SUPPLIED DATA below:

lemma sum_of_squares_shape_in_param_image:
  fixes K L S Q :: "real poly"
  assumes deg: "degree K \<le> 1" "degree L \<le> 1" "degree S \<le> 1" "degree Q \<le> 2" and "\<tau> \<noteq> 0"
  defines "A \<equiv> smult \<tau> (K\<^sup>2 + L\<^sup>2)"
  shows "\<exists>k<3. \<exists>u. param k u = triple_of t (smult (- t / 2) (S\<^sup>2) + smult \<mu> Q) A
           (S\<^sup>2 * A + smult 2 (S * K * Q) + smult (1 / \<tau>) (Q\<^sup>2)) (S * A + Q * K)"
proof -
  define k :: nat where "k = (if \<tau> > 0 then 0 else 1)"
  define \<rho> where "\<rho> = sqrt \<bar>\<tau>\<bar>"
  \<comment> \<open>\<open>\<tau> = \<plusminus>\<rho>\<^sup>2\<close>, and \<rho> is absorbed into K, L and Q\<close>
  have "\<rho> > 0" and \<tau>: "\<tau> = (-1) ^ k * \<rho>\<^sup>2"
    using \<open>\<tau> \<noteq> 0\<close> by (auto simp: \<rho>_def k_def abs_if)
  then have \<rho>: "(-1) ^ k / \<rho>\<^sup>2 = 1 / \<tau>"
    by (auto simp: k_def)
  let ?K = "smult \<rho> K" and ?L = "smult \<rho> L" and ?Q = "smult (1 / \<rho>) Q"
  let ?A = "smult ((-1) ^ k) (?K\<^sup>2 + ?L\<^sup>2)"
  have "\<exists>u. param k u = triple_of t (smult (- t / 2) (S\<^sup>2) + smult (\<rho> * \<mu>) ?Q) ?A
      (S\<^sup>2 * ?A + smult 2 (S * ?K * ?Q) + smult ((-1) ^ k) (?Q\<^sup>2)) (S * ?A + ?Q * ?K)"
    by (rule param_sum_of_squares_shape) (use deg in \<open>simp_all add: k_def\<close>)
  moreover have "?A = A"
    by (simp add: A_def \<tau> smult_power smult_add_right)
  moreover have "smult (\<rho> * \<mu>) ?Q = smult \<mu> Q" "?Q * ?K = Q * K"
    using \<open>\<rho> > 0\<close> by simp_all
  moreover have "smult 2 (S * ?K * ?Q) + smult ((-1) ^ k) (?Q\<^sup>2) = smult 2 (S * K * Q) + smult (1 / \<tau>) (Q\<^sup>2)"
    using \<open>\<rho> > 0\<close> \<rho> by (simp add: smult_power power_one_over)
  ultimately have "\<exists>u. param k u = triple_of t (smult (- t / 2) (S\<^sup>2) + smult \<mu> Q) A
      (S\<^sup>2 * A + smult 2 (S * K * Q) + smult (1 / \<tau>) (Q\<^sup>2)) (S * A + Q * K)"
    by (simp only: add.assoc)
  moreover have "k < 3"
    by (simp add: k_def)
  ultimately show ?thesis
    by blast
qed
lemma normal_form_in_P_set:
  fixes b \<beta> \<epsilon> :: 'a
  assumes "\<epsilon> ^ (q + 1) = 1" "\<beta> = b ^ q * b * \<epsilon>" "\<beta> ^ (q^2 + 1) = \<epsilon> ^ 2" "\<beta> \<noteq> 0"
  shows "b \<in> P_set q"
proof -
  have "\<epsilon> \<noteq> 0"
    using assms(1) by auto
  have "q^2 + 1 = (q + 1) * (q - 1) + 2"
    using q_ge_2 by (cases q) (simp_all add: power2_eq_square algebra_simps)
  then have "\<epsilon> ^ (q^2 + 1) = (\<epsilon> ^ (q + 1)) ^ (q - 1) * \<epsilon> ^ 2"
    by (simp only: power_add power_mult)
  then have eps: "\<epsilon> ^ (q^2 + 1) = \<epsilon> ^ 2"
    using assms(1) by simp
  have "b ^ q * b = b ^ (q + 1)"
    by (simp add: mult.commute)
  then have "\<beta> ^ (q^2 + 1) = b ^ (q^3 + q^2 + q + 1) * \<epsilon> ^ (q^2 + 1)"
    by (simp only: assms(2) power_mult_distrib P_exponent_factor power_mult)
  then have "\<epsilon> ^ 2 = b ^ (q^3 + q^2 + q + 1) * \<epsilon> ^ 2"
    by (simp only: assms(3) eps)
  then show ?thesis
    using \<open>\<epsilon> \<noteq> 0\<close> by (simp add: P_set_def mult_cancel_right1)
qed

lemma square_root_of_unity:
  assumes "(\<delta>::'a) ^ (q + 1) = 1"
  shows "\<exists>\<epsilon>. \<epsilon> ^ 2 = \<delta> \<and> \<epsilon> ^ (q + 1) = 1"
proof -
  have "even q"
    using q_def m_ge_1 by simp
  then obtain r where r: "q = 2 * r" ..
  define \<epsilon> where "\<epsilon> = \<delta> ^ (r + 1)"
  have "\<epsilon> ^ 2 = \<delta>"
    using assms by (simp add: \<epsilon>_def r algebra_simps flip: power_mult power_add)
  moreover have "\<epsilon> ^ (q + 1) = (\<delta> ^ (q + 1)) ^ (r + 1)"
    by (simp only: \<epsilon>_def mult.commute flip: power_mult)
  ultimately show ?thesis
    using assms by auto
qed

lemma normal_form_exists:
  fixes \<alpha> \<beta> :: 'a
  assumes "\<beta> \<in> P_set q" "\<alpha> ^ (q + 1) = \<beta> ^ q + \<beta> ^ (q^2 + q + 1)"
  shows "\<exists>b \<epsilon>. b \<in> P_set q \<and> \<epsilon> ^ (q + 1) = 1 \<and> \<alpha> = b ^ q * (1 + \<epsilon>) \<and> \<beta> = b ^ q * b * \<epsilon>"
proof -
  define \<delta> where "\<delta> = \<beta> ^ (q^2 + 1)"
  have "\<delta> ^ (q + 1) = 1"
    using assms(1) unfolding P_set_def mem_Collect_eq P_exponent_factor \<delta>_def
    by (metis mult.commute power_mult)
  then obtain \<epsilon> where eps_sq: "\<epsilon> ^ 2 = \<delta>" and eps: "\<epsilon> ^ (q + 1) = 1"
    using square_root_of_unity by blast
  have "\<beta> \<noteq> 0"
    using P_set_nonzero[OF assms(1)] .
  have coeff: "\<alpha> ^ (q + 1) = \<beta> ^ q * (1 + \<epsilon>) ^ 2"
  proof -
    have "(1 + \<epsilon>) ^ 2 = 1 + \<delta> + 2 * \<epsilon>"
      by (simp add: power2_eq_square algebra_simps flip: eps_sq)
    moreover have "\<beta> ^ (q^2 + q + 1) = \<beta> ^ q * \<delta>"
      by (simp add: \<delta>_def algebra_simps flip: power_add)
    ultimately show ?thesis
      using assms(2) by (simp add: two_eq_zero algebra_simps)
  qed
  obtain b where b: "\<alpha> = b ^ q * (1 + \<epsilon>)" "\<beta> = b ^ q * b * \<epsilon>"
  proof (cases "\<alpha> = 0")
    case True
    with coeff \<open>\<beta> \<noteq> 0\<close> q_ge_2 have "\<epsilon> = 1"
      by (simp add: add_eq_0_iff_eq zero_power)
    with eps_sq have "\<beta> ^ (q^2 + 1) = 1"
      by (simp add: \<delta>_def)
    then obtain b where "b ^ q * b = \<beta>"
      using exists_power_q_plus_1_root by blast
    with True \<open>\<epsilon> = 1\<close> that[of b] show ?thesis
      by (simp add: two_eq_zero)
  next
    case False
    then show ?thesis
      using normal_form_coefficients[OF False eps coeff] that by blast
  qed
  moreover have "b \<in> P_set q"
    using normal_form_in_P_set[OF eps b(2) _ \<open>\<beta> \<noteq> 0\<close>] eps_sq by (simp add: \<delta>_def)
  ultimately show ?thesis
    using eps by blast
qed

End of SUPPLIED DATA.

• EXERCISE DESCRIPTION: From the records above, extract every line exactly as it stands.

• COMPLETED EXERCISE:
lemma sum_of_squares_shape_in_param_image:
  fixes K L S Q :: "real poly"
  assumes deg: "degree K \<le> 1" "degree L \<le> 1" "degree S \<le> 1" "degree Q \<le> 2" and "\<tau> \<noteq> 0"
  defines "A \<equiv> smult \<tau> (K\<^sup>2 + L\<^sup>2)"
  shows "\<exists>k<3. \<exists>u. param k u = triple_of t (smult (- t / 2) (S\<^sup>2) + smult \<mu> Q) A
           (S\<^sup>2 * A + smult 2 (S * K * Q) + smult (1 / \<tau>) (Q\<^sup>2)) (S * A + Q * K)"
proof -
  define k :: nat where "k = (if \<tau> > 0 then 0 else 1)"
  define \<rho> where "\<rho> = sqrt \<bar>\<tau>\<bar>"
  \<comment> \<open>\<open>\<tau> = \<plusminus>\<rho>\<^sup>2\<close>, and \<rho> is absorbed into K, L and Q\<close>
  have "\<rho> > 0" and \<tau>: "\<tau> = (-1) ^ k * \<rho>\<^sup>2"
    using \<open>\<tau> \<noteq> 0\<close> by (auto simp: \<rho>_def k_def abs_if)
  then have \<rho>: "(-1) ^ k / \<rho>\<^sup>2 = 1 / \<tau>"
    by (auto simp: k_def)
  let ?K = "smult \<rho> K" and ?L = "smult \<rho> L" and ?Q = "smult (1 / \<rho>) Q"
  let ?A = "smult ((-1) ^ k) (?K\<^sup>2 + ?L\<^sup>2)"
  have "\<exists>u. param k u = triple_of t (smult (- t / 2) (S\<^sup>2) + smult (\<rho> * \<mu>) ?Q) ?A
      (S\<^sup>2 * ?A + smult 2 (S * ?K * ?Q) + smult ((-1) ^ k) (?Q\<^sup>2)) (S * ?A + ?Q * ?K)"
    by (rule param_sum_of_squares_shape) (use deg in \<open>simp_all add: k_def\<close>)
  moreover have "?A = A"
    by (simp add: A_def \<tau> smult_power smult_add_right)
  moreover have "smult (\<rho> * \<mu>) ?Q = smult \<mu> Q" "?Q * ?K = Q * K"
    using \<open>\<rho> > 0\<close> by simp_all
  moreover have "smult 2 (S * ?K * ?Q) + smult ((-1) ^ k) (?Q\<^sup>2) = smult 2 (S * K * Q) + smult (1 / \<tau>) (Q\<^sup>2)"
    using \<open>\<rho> > 0\<close> \<rho> by (simp add: smult_power power_one_over)
  ultimately have "\<exists>u. param k u = triple_of t (smult (- t / 2) (S\<^sup>2) + smult \<mu> Q) A
      (S\<^sup>2 * A + smult 2 (S * K * Q) + smult (1 / \<tau>) (Q\<^sup>2)) (S * A + Q * K)"
    by (simp only: add.assoc)
  moreover have "k < 3"
    by (simp add: k_def)
  ultimately show ?thesis
    by blast
qed
lemma normal_form_in_P_set:
  fixes b \<beta> \<epsilon> :: 'a
  assumes "\<epsilon> ^ (q + 1) = 1" "\<beta> = b ^ q * b * \<epsilon>" "\<beta> ^ (q^2 + 1) = \<epsilon> ^ 2" "\<beta> \<noteq> 0"
  shows "b \<in> P_set q"
proof -
  have "\<epsilon> \<noteq> 0"
    using assms(1) by auto
  have "q^2 + 1 = (q + 1) * (q - 1) + 2"
    using q_ge_2 by (cases q) (simp_all add: power2_eq_square algebra_simps)
  then have "\<epsilon> ^ (q^2 + 1) = (\<epsilon> ^ (q + 1)) ^ (q - 1) * \<epsilon> ^ 2"
    by (simp only: power_add power_mult)
  then have eps: "\<epsilon> ^ (q^2 + 1) = \<epsilon> ^ 2"
    using assms(1) by simp
  have "b ^ q * b = b ^ (q + 1)"
    by (simp add: mult.commute)
  then have "\<beta> ^ (q^2 + 1) = b ^ (q^3 + q^2 + q + 1) * \<epsilon> ^ (q^2 + 1)"
    by (simp only: assms(2) power_mult_distrib P_exponent_factor power_mult)
  then have "\<epsilon> ^ 2 = b ^ (q^3 + q^2 + q + 1) * \<epsilon> ^ 2"
    by (simp only: assms(3) eps)
  then show ?thesis
    using \<open>\<epsilon> \<noteq> 0\<close> by (simp add: P_set_def mult_cancel_right1)
qed

lemma square_root_of_unity:
  assumes "(\<delta>::'a) ^ (q + 1) = 1"
  shows "\<exists>\<epsilon>. \<epsilon> ^ 2 = \<delta> \<and> \<epsilon> ^ (q + 1) = 1"
proof -
  have "even q"
    using q_def m_ge_1 by simp
  then obtain r where r: "q = 2 * r" ..
  define \<epsilon> where "\<epsilon> = \<delta> ^ (r + 1)"
  have "\<epsilon> ^ 2 = \<delta>"
    using assms by (simp add: \<epsilon>_def r algebra_simps flip: power_mult power_add)
  moreover have "\<epsilon> ^ (q + 1) = (\<delta> ^ (q + 1)) ^ (r + 1)"
    by (simp only: \<epsilon>_def mult.commute flip: power_mult)
  ultimately show ?thesis
    using assms by auto
qed

lemma normal_form_exists:
  fixes \<alpha> \<beta> :: 'a
  assumes "\<beta> \<in> P_set q" "\<alpha> ^ (q + 1) = \<beta> ^ q + \<beta> ^ (q^2 + q + 1)"
  shows "\<exists>b \<epsilon>. b \<in> P_set q \<and> \<epsilon> ^ (q + 1) = 1 \<and> \<alpha> = b ^ q * (1 + \<epsilon>) \<and> \<beta> = b ^ q * b * \<epsilon>"
proof -
  define \<delta> where "\<delta> = \<beta> ^ (q^2 + 1)"
  have "\<delta> ^ (q + 1) = 1"
    using assms(1) unfolding P_set_def mem_Collect_eq P_exponent_factor \<delta>_def
    by (metis mult.commute power_mult)
  then obtain \<epsilon> where eps_sq: "\<epsilon> ^ 2 = \<delta>" and eps: "\<epsilon> ^ (q + 1) = 1"
    using square_root_of_unity by blast
  have "\<beta> \<noteq> 0"
    using P_set_nonzero[OF assms(1)] .
  have coeff: "\<alpha> ^ (q + 1) = \<beta> ^ q * (1 + \<epsilon>) ^ 2"
  proof -
    have "(1 + \<epsilon>) ^ 2 = 1 + \<delta> + 2 * \<epsilon>"
      by (simp add: power2_eq_square algebra_simps flip: eps_sq)
    moreover have "\<beta> ^ (q^2 + q + 1) = \<beta> ^ q * \<delta>"
      by (simp add: \<delta>_def algebra_simps flip: power_add)
    ultimately show ?thesis
      using assms(2) by (simp add: two_eq_zero algebra_simps)
  qed
  obtain b where b: "\<alpha> = b ^ q * (1 + \<epsilon>)" "\<beta> = b ^ q * b * \<epsilon>"
  proof (cases "\<alpha> = 0")
    case True
    with coeff \<open>\<beta> \<noteq> 0\<close> q_ge_2 have "\<epsilon> = 1"
      by (simp add: add_eq_0_iff_eq zero_power)
    with eps_sq have "\<beta> ^ (q^2 + 1) = 1"
      by (simp add: \<delta>_def)
    then obtain b where "b ^ q * b = \<beta>"
      using exists_power_q_plus_1_root by blast
    with True \<open>\<epsilon> = 1\<close> that[of b] show ?thesis
      by (simp add: two_eq_zero)
  next
    case False
    then show ?thesis
      using normal_form_coefficients[OF False eps coeff] that by blast
  qed
  moreover have "b \<in> P_set q"
    using normal_form_in_P_set[OF eps b(2) _ \<open>\<beta> \<noteq> 0\<close>] eps_sq by (simp add: \<delta>_def)
  ultimately show ?thesis
    using eps by blast
qed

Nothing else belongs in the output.